Round 126 added the target and fixed three panic vectors it caught within the first ~10 M iterations: an LZW first-after-Clear non-leaf code that formed a self-referential prefix chain (src/compress.rs), a BigTIFF first_ifd_offset = u64::MAX that debug-panicked the off + 8 slice math (src/ifd.rs), and an attacker-claimed ImageWidth * ImageLength that drove a multi-exabyte upfront Vec::with_capacity (src/decoder.rs MAX_IMAGE_PIXELS gate). Deflate output is now capped via miniz_oxide's decompress_to_vec_zlib_with_limit to bound zip-bomb expansion. Regression tests live in tests/decode_fuzz_regressions.rs plus inline compress / ifd test modules so the panic-freedom checks survive in CI even when the fuzzer isn't being driven.

Benchmarks

A Criterion bench harness lives at benches/lzw.rs covering the TIFF/LZW encoder hot path (compress::pack_lzw). Run with:

cargo bench -p oxideav-tiff --bench lzw

Round 129 replaced the per-byte HashMap<(u16, u8), u16> dictionary lookup in pack_lzw with a flat-array trie (three [u16; 4096] / [u8; 4096] arrays — first_child, next_sibling, suffix). The bitstream output is byte-identical to the pre-r129 encoder (same greedy match, same code-width bump points, same Clear-on-fill timing), so the change is invisible to any decoder, but throughput on representative image-like strips climbed substantially.
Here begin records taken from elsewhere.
lemma capacity_ratio_bounds:
  assumes "0 < L" "0 \<le> \<beta>" "0 < h" "2 * real L + 4 \<le> h * real L * real L"
  defines "r \<equiv> cap \<beta> h L {const_conf L (-1)} {const_conf L 1}
    / cap \<beta> h L {const_conf L (-1)} {const_conf L 0, const_conf L 1}"
  shows "1 - 2 * sqrt (real (card (torus L)) ^ 2 * exp (- (2 - h) * \<beta>)) \<le> r" and "r \<le> 1"
proof -
  let ?m = "const_conf L (-1)" and ?z = "const_conf L 0" and ?p = "const_conf L 1"
  let ?e1 = "escape_prob \<beta> h L {?m} {?p} ?m" and ?e2 = "escape_prob \<beta> h L {?m} {?z, ?p} ?m"
  let ?g = "eq_potential \<beta> h L {?m} {?p}"
  have "gibbs \<beta> h L ?m * lam \<beta> h L ?m \<noteq> 0"
    using gibbs_pos lam_pos[OF assms(1)] by (metis mult_pos_pos less_irrefl)
  then have r: "r = ?e1 / ?e2"
    unfolding r_def cap_singleton by (rule mult_divide_mult_cancel_left)
  have "0 < ?e1"
    using assms(1) by (intro escape_prob_const_conf_pos) auto
  moreover have "?e1 \<le> ?e2"
    using assms(1) by (intro escape_prob_mono_target) auto
  ultimately show "r \<le> 1"
    by (simp add: r)
  have "?g ?z * ?e2 \<le> ?e1"
    using eq_potential_le_1[OF assms(1)]
    by (intro escape_prob_ge_stopped[OF assms(1)]) (auto simp: eq_potential_def[of _ _ _ _ _ ?p])
  with \<open>0 < ?e1\<close> \<open>?e1 \<le> ?e2\<close> have "?g ?z \<le> r"
    by (simp add: r field_simps)
  define X where "X = real (card (torus L)) ^ 2 * exp (- (2 - h) * \<beta>)"
  have "(1 - ?g ?z)^2 \<le> 2^2 * X"
    using one_minus_eq_potential_0_squared_le[OF assms(1-4)] by (simp add: X_def card_torus)
  then have "1 - ?g ?z \<le> sqrt (2^2 * X)"
    by (rule real_le_rsqrt)
  also have "\<dots> = 2 * sqrt X"
    by (simp only: real_sqrt_mult real_sqrt_abs abs_numeral)
  finally show "1 - 2 * sqrt (real (card (torus L)) ^ 2 * exp (- (2 - h) * \<beta>)) \<le> r"
    using \<open>?g ?z \<le> r\<close> unfolding X_def by linarith
qed

lemma n0_bounds:
  assumes "0 < h" "h < 1"
  shows "2 \<le> n0 h" and "2 < h * (real (n0 h) + 1)"
proof -
  have "2 \<le> \<lfloor>2 / h\<rfloor>"
    using assms by (simp add: le_floor_iff field_simps)
  then show "2 \<le> n0 h"
    unfolding n0_def by linarith
  have "2 / h < real (n0 h) + 1"
    using \<open>2 \<le> \<lfloor>2 / h\<rfloor>\<close> unfolding n0_def by linarith
  then show "2 < h * (real (n0 h) + 1)"
    using assms by (simp add: field_simps)
qed

lemma side_length_large:
  assumes "0 < h" "h < 1" "n0 h * (n0 h + 1) + 2 \<le> L"
  shows "0 < L" and "2 * real L + 4 \<le> h * real L * real L"
proof -
  define N where "N = real (n0 h)"
  have N: "2 \<le> N" "2 < h * (N + 1)"
    using n0_bounds[OF assms(1,2)] by (auto simp: N_def)
  have L: "N * (N + 1) + 2 \<le> real L"
    using of_nat_mono[OF assms(3), where 'a = real] unfolding N_def by (simp add: algebra_simps)
  have "N * 2 < N * (h * (N + 1))"
    using N by (intro mult_strict_left_mono) auto
  then have "4 < h * (N * (N + 1))"
    using N(1) by (simp add: algebra_simps)
  also have "\<dots> \<le> h * real L"
    using assms(1) L by (intro mult_left_mono) auto
  finally have "4 \<le> h * real L" by simp
  moreover have "2 \<le> real L"
    using L N(1) mult_nonneg_nonneg[of N "N + 1"] by linarith
  ultimately have "4 * real L \<le> h * real L * real L"
    by (intro mult_right_mono) auto
  with \<open>2 \<le> real L\<close> show "2 * real L + 4 \<le> h * real L * real L"
    by linarith
  from \<open>2 \<le> real L\<close> show "0 < L"
    by simp
qed

theorem lemma7p4:
  fixes h :: real and L :: "real \<Rightarrow> nat"
  assumes "0 < h" and "h < 1" and "2 / h \<notin> \<int>"
    and "\<forall>\<beta> > 0. L \<beta> \<ge> n0 h * (n0 h + 1) + 2"
    and "((\<lambda>\<beta>. sqrt (real (card (torus (L \<beta>)))) *
            (exp (- ((real (n0 h) + 1) * h - 2) * \<beta>) + exp (- h * \<beta>))) \<longlongrightarrow> 0) at_top"
    and "((\<lambda>\<beta>. real (card (torus (L \<beta>))) ^ 2 * exp (- (2 - h) * \<beta>)) \<longlongrightarrow> 0) at_top"
  shows "((\<lambda>\<beta>. cap \<beta> h (L \<beta>) {const_conf (L \<beta>) (-1)} {const_conf (L \<beta>) 1}
              / cap \<beta> h (L \<beta>) {const_conf (L \<beta>) (-1)} {const_conf (L \<beta>) 0, const_conf (L \<beta>) 1})
          \<longlongrightarrow> 1) at_top"
proof -
  let ?r = "\<lambda>\<beta>. cap \<beta> h (L \<beta>) {const_conf (L \<beta>) (-1)} {const_conf (L \<beta>) 1}
    / cap \<beta> h (L \<beta>) {const_conf (L \<beta>) (-1)} {const_conf (L \<beta>) 0, const_conf (L \<beta>) 1}"
  let ?lower = "\<lambda>\<beta>. 1 - 2 * sqrt (real (card (torus (L \<beta>))) ^ 2 * exp (- (2 - h) * \<beta>))"
  have "?lower \<beta> \<le> ?r \<beta> \<and> ?r \<beta> \<le> 1" if "0 < \<beta>" for \<beta>
    using capacity_ratio_bounds[of "L \<beta>" \<beta> h] side_length_large[OF assms(1,2), of "L \<beta>"] assms(1,4) that
    by auto
  then have "\<forall>\<^sub>F \<beta> in at_top. ?lower \<beta> \<le> ?r \<beta> \<and> ?r \<beta> \<le> 1"
    by (blast intro: eventually_mono[OF eventually_gt_at_top[of "0::real"]])
  moreover have "(?lower \<longlongrightarrow> 1) at_top"
    using tendsto_diff[OF tendsto_const tendsto_mult[OF tendsto_const tendsto_real_sqrt[OF assms(6)]], of 1 2]
    by simp
  ultimately show ?thesis
    by (intro tendsto_sandwich[of ?lower ?r _ "\<lambda>_. 1"]) (auto elim: eventually_mono)
qed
On Apple Silicon release builds the four bench scenarios moved from:

The "natural image" 256×256 8-bit greyscale fixture (vertical ramp + horizontal sinusoid) is the most representative of a real TIFF strip and gives the largest speedup because the trie's child lists for the common short prefixes get amortised across many matches. The random fixture is the worst case (no prefix reuse) and still moves up modestly because the trie eliminates the per-byte hash + bucket probe.